PROBLEM TO WORK ON —
Provide again, from the entries below, every line from the one containing "s0sq = Kmat" through the one containing "S ** design A)", exactly as written, and no other line.

[RECORDS SUPPLIED]

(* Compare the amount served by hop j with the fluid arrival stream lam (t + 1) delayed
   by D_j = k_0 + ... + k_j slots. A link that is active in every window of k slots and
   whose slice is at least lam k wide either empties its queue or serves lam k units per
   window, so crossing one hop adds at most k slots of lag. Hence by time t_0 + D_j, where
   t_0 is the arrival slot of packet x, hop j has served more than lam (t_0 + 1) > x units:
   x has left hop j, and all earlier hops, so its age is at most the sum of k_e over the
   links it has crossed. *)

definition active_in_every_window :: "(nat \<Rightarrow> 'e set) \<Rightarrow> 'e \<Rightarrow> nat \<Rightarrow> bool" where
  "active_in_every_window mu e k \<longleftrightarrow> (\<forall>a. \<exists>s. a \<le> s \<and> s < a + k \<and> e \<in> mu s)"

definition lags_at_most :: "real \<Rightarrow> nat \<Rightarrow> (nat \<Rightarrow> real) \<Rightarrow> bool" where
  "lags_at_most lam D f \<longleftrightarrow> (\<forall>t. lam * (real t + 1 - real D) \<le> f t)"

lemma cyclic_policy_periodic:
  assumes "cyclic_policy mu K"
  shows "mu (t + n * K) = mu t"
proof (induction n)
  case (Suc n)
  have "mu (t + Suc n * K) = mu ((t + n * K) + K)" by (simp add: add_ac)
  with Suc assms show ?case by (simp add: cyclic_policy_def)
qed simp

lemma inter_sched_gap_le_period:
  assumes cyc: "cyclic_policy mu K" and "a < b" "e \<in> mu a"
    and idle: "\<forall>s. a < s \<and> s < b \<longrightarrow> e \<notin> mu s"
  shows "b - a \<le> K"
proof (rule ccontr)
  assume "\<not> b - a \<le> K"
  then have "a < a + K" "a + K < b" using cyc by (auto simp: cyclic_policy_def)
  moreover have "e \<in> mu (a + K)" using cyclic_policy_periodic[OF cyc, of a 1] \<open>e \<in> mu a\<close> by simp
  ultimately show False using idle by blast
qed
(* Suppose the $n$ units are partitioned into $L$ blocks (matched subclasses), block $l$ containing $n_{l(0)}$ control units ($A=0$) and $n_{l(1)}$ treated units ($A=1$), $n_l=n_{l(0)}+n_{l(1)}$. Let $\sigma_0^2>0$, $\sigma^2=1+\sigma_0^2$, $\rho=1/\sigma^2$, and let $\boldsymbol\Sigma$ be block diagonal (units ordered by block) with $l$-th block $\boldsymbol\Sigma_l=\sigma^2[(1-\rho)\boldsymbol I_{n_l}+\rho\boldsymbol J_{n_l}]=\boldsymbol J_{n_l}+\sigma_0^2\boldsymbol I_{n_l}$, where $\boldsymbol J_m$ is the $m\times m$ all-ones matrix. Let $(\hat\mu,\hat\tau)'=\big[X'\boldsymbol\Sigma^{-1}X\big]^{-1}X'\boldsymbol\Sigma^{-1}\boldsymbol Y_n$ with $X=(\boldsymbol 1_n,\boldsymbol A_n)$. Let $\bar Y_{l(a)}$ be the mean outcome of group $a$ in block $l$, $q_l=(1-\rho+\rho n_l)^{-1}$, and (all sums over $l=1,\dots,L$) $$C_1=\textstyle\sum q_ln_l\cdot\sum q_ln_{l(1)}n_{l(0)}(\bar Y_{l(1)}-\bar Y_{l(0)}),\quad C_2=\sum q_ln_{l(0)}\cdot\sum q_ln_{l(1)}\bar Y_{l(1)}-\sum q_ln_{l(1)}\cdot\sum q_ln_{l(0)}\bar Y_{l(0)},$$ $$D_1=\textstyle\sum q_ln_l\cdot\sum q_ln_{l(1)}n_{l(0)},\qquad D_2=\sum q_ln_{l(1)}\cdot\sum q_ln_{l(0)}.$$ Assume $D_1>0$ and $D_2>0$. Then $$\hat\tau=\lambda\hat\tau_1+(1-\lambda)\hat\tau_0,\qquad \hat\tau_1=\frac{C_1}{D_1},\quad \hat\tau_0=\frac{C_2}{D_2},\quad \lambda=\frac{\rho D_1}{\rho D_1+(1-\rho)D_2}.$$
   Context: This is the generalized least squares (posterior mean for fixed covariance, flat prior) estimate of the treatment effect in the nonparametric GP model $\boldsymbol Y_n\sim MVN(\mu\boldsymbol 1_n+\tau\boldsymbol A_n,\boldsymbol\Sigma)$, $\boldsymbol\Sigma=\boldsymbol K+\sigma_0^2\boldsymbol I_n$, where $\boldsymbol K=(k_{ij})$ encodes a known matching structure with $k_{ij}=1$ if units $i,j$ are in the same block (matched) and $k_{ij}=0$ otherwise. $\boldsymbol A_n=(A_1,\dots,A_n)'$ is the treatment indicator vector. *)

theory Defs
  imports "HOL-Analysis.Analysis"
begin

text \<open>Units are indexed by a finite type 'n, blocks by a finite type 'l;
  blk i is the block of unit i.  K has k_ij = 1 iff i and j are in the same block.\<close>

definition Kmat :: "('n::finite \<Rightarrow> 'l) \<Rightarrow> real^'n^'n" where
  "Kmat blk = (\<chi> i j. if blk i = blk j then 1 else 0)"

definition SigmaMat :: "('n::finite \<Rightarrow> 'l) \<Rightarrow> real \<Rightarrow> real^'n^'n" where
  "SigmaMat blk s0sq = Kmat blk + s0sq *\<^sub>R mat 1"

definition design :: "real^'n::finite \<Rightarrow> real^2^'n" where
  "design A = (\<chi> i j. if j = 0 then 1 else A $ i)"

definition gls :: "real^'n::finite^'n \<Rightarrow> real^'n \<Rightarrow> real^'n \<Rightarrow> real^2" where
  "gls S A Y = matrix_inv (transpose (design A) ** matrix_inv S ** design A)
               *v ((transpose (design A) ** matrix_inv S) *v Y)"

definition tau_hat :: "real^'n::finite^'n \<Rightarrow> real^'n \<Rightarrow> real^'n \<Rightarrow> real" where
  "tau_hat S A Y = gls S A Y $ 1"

[/RECORDS SUPPLIED]

EXERCISE OUTPUT —
  "SigmaMat blk s0sq = Kmat blk + s0sq *\<^sub>R mat 1"

definition design :: "real^'n::finite \<Rightarrow> real^2^'n" where
  "design A = (\<chi> i j. if j = 0 then 1 else A $ i)"

definition gls :: "real^'n::finite^'n \<Rightarrow> real^'n \<Rightarrow> real^'n \<Rightarrow> real^2" where
  "gls S A Y = matrix_inv (transpose (design A) ** matrix_inv S ** design A)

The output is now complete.